740A Round Lake Road, Luck, WI 54853

(715) 472-4185

 

Contact: John LaForge

(715) 491-3813

jmichaellaforge@yahoo.com

 

Anti-nuclear Activist Sentenced to Eight Months for Misdemeanor Trespass

 

KNOXVILLE, Tennessee – Bonnie Urfer, 59, of Luck, Wisconsin, a

long-time staff member of the nonprofit nuclear watchdog group

Nukewatch, was sentenced by the federal court here today to a total of

eight months incarceration. Urfer has been in jail since May 11 and

will now serve another four months.

 

Presiding Magistrate Judge Bruce Guyton had Urfer incarcerated May 11,

2011, immediately following a jury trial involving 12 activists, all

of whom were convicted of trespass for a sit-down protest that took

place July 5, 2010 at the Y12 nuclear weapons complex in Oak Ridge,

Tenn.

     

The government prosecutor made no recommendation as to the sentence at

today’s 1:00 p.m. (ET) hearing, beyond noting that Ms Urfer has

already served four months incarceration.

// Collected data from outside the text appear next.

text \<open>For \<eta> \<noteq> 0 the k conditions -\<eta>^T M_j = w_j are affine hyperplanes in the columns M_j.\<close>
lemma card_cols_dual_vec_eq_le:
  assumes p: "prime p" and R: "R \<subseteq> Fpn p m" and sparse: "hyperplane_sparse p m b R"
    and \<eta>: "\<eta> \<in> Fpn p m" "\<eta> \<noteq> (\<lambda>_. 0)" and w: "w \<in> Fpn p k"
  shows "real (card {M\<in>matrix_of_cols ` PiE {..<k} (\<lambda>_. R). dual_vec p k m \<eta> M = w})
    \<le> (real b * real (card R) / real p) ^ k"
proof -
  let ?P = "PiE {..<k} (\<lambda>_. R)"
  obtain i0 where i0: "\<eta> i0 \<noteq> 0" using \<eta>(2) by blast
  then have i0m: "i0 < m" using Fpn_zero_beyond[OF \<eta>(1)] by (meson not_less)
  then have "\<eta> i0 < p" using Fpn_less[OF \<eta>(1)] by blast
  then have nz: "\<not> int p dvd int (\<eta> i0)" using i0 by (auto dest: dvd_imp_le)
  define B where "B j = {c\<in>R. (\<Sum>l<m. int (\<eta> l) * int (c l)) mod int p = (- int (w j)) mod int p}" for j
  have "card {M\<in>matrix_of_cols ` ?P. dual_vec p k m \<eta> M = w}
      = card (matrix_of_cols ` {c\<in>?P. dual_vec p k m \<eta> (matrix_of_cols c) = w})"
    by (rule arg_cong[where f = card]) auto
  also have "\<dots> \<le> card {c\<in>?P. dual_vec p k m \<eta> (matrix_of_cols c) = w}"
    using finite_subset_Fpn[OF R] by (intro card_image_le) (simp add: finite_PiE)
  also have "{c\<in>?P. dual_vec p k m \<eta> (matrix_of_cols c) = w} = PiE {..<k} B"
    using prime_gt_0_nat[OF p]
    by (auto simp: dual_vec_eq_iff[OF _ w] matrix_of_cols_def B_def PiE_def Pi_def)
  finally have "card {M\<in>matrix_of_cols ` ?P. dual_vec p k m \<eta> M = w} \<le> card (PiE {..<k} B)" .
  moreover have "real (card (PiE {..<k} B)) \<le> (real b * real (card R) / real p) ^ k"
    unfolding B_def
    by (rule card_PiE_le_power, rule card_hyperplane_le[where z = "\<lambda>l. int (\<eta> l)", OF p sparse i0m nz])
  ultimately show ?thesis by linarith
qed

Earlier in the week, two

co-defendants, Bill Bichsel, 83, of Tacoma Washington, and Jean Gump,

84, of Bloomington, Mich., were sentenced Monday to three months, and

“time served,” respectively.

 

Magistrate Guyton noted that the federal probation department had

earlier recommended that a sentence of between two and eight months.

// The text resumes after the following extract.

(* Consider the linear equation $u_t+u_x=0$ on $\Omega=[a,b]$ with periodic (or compactly supported) boundary conditions, with square entropy $U(u)=u^2/2$, and suppose the exact solution $u$ is smooth on $\Omega\times[0,T]$. Let $u_h$ be the solution of the semi-discrete NOES-DG scheme described in the context, with initial data the $L^2$ projection of $u_0=u(\cdot,0)$ onto $V_h^k$, i.e. $\int_{K_i}u_h(x,0)\phi(x)\,\mathrm dx=\int_{K_i}u_0(x)\phi(x)\,\mathrm dx$ for all cells $K_i$ and all $\phi\in V_h^k$. Then there is a constant $M$ independent of $h$ such that for $t\in[0,T]$, $$\|u(\cdot,t)-u_h(\cdot,t)\|_{L^2(\Omega)}\le M h^{k+1}.$$
   Context: Mesh: $a=x_{1/2}<\dots<x_{N+1/2}=b$, uniform, cells $K_i=[x_{i-1/2},x_{i+1/2}]$, $h=x_{i+1/2}-x_{i-1/2}$, midpoint $x_i$. For $k\ge1$, $V_h^k=\{w: w|_{K_i}\in P^k(K_i)\ \forall i\}$. Traces $w^\mp_{i+1/2}$ at $x_{i+1/2}$ from $K_i$ / $K_{i+1}$, jump $[\![w]\!]_{i+1/2}=w^+_{i+1/2}-w^-_{i+1/2}$; periodic indices modulo $N$. Here $f(u)=u$, $U=u^2/2$, so the entropy variable is $v(u)=u$, $A(u)=1/U''(u)=1$, entropy flux $F(u)=u^2/2$, and the Gauss–Lobatto interpolant $v_h$ of $v(u_h)$ equals $u_h$. Numerical flux: local Lax–Friedrichs $\hat f(u^-,u^+)=\tfrac12(u^++u^-)-\tfrac12(u^+-u^-)$ (i.e. $\hat f=u^-$) with splitting $\hat f^C=\tfrac12(u^++u^-)$, $\hat f^D=-\tfrac12(u^+-u^-)$; numerical entropy flux $\hat F(u^-,u^+)=\tfrac12(F(u^+)+F(u^-))$. NOES-DG scheme: for all $w\in V_h^k$ and all $i$, $$\int_{K_i}\partial_t u_h\,w\,\mathrm dx=\int_{K_i}u_h\,\partial_x w\,\mathrm dx-\hat f_{i+1/2}w^-_{i+1/2}+\hat f_{i-1/2}w^+_{i-1/2}-\sigma_i\int_{K_i}\nu_i\,\partial_x u_h\,\partial_x w\,\mathrm dx,$$ with $\hat f_{i+1/2}=\hat f(u_h|^-_{i+1/2},u_h|^+_{i+1/2})$, $\nu_i(x)=1-\big(\tfrac{x-x_i}{h/2}\big)^2$, and $\sigma_i=\max\{\sigma_i^{jump},\sigma_i^{entropy}\}$, where $\sigma_i^{jump}=c_0\big(h\|[\![u_h]\!]\|_{\partial K_i}+\sum_{l=1}^k l(l+1)h^{l+1}\|[\![\partial_x^l u_h]\!]\|_{\partial K_i}\big)$ with $\|[\![\partial_x^lu_h]\!]\|_{\partial K_i}=|[\![\partial_x^lu_h]\!]_{i-1/2}|+|[\![\partial_x^lu_h]\!]_{i+1/2}|$ and a constant $c_0>0$; $\sigma_i^{entropy}=\min\{\max\{F_i/E_i,0\},C\sigma_i^{jump}\}$ with a constant $C>1$, $E_i=\int_{K_i}\nu_i(\partial_xu_h)^2\,\mathrm dx$, $F_i=\hat F_{i+1/2}-\hat F_{i-1/2}-\hat f^C_{i+1/2}u_h|^-_{i+1/2}+\hat f^C_{i-1/2}u_h|^+_{i-1/2}+\int_{K_i}u_h\partial_xu_h\,\mathrm dx$. *)

theory Defs
  imports "HOL-Analysis.Analysis" "HOL-Computational_Algebra.Polynomial"
begin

Guyton also referred to a list of what he said were of Urfer’s 50

prior convictions and that “The only way to prevent her more-or-less

routine is to separate her from the community.” Guyton neglected to

mention that all of Urfer’s prior arrests for nonviolent protests

against nuclear power or weapons.

 

In a statement to the court before the judge ruled, Urfer described

the production of nuclear weapons as a crime, and described many of

the rights violations to which she was an eye witness in the Blount

County jail, in Tenn., and in the Irwin County Detention Center in

Ocilla, Georgia -- a private institution that takes federal prisoners

on a contract basis --where she and six co-defendants have been held

for the last three months.

     

"If I am returned to jail I will continue to expose crimes there, and

if I am released I continue to expose the crime of nuclear weapons.”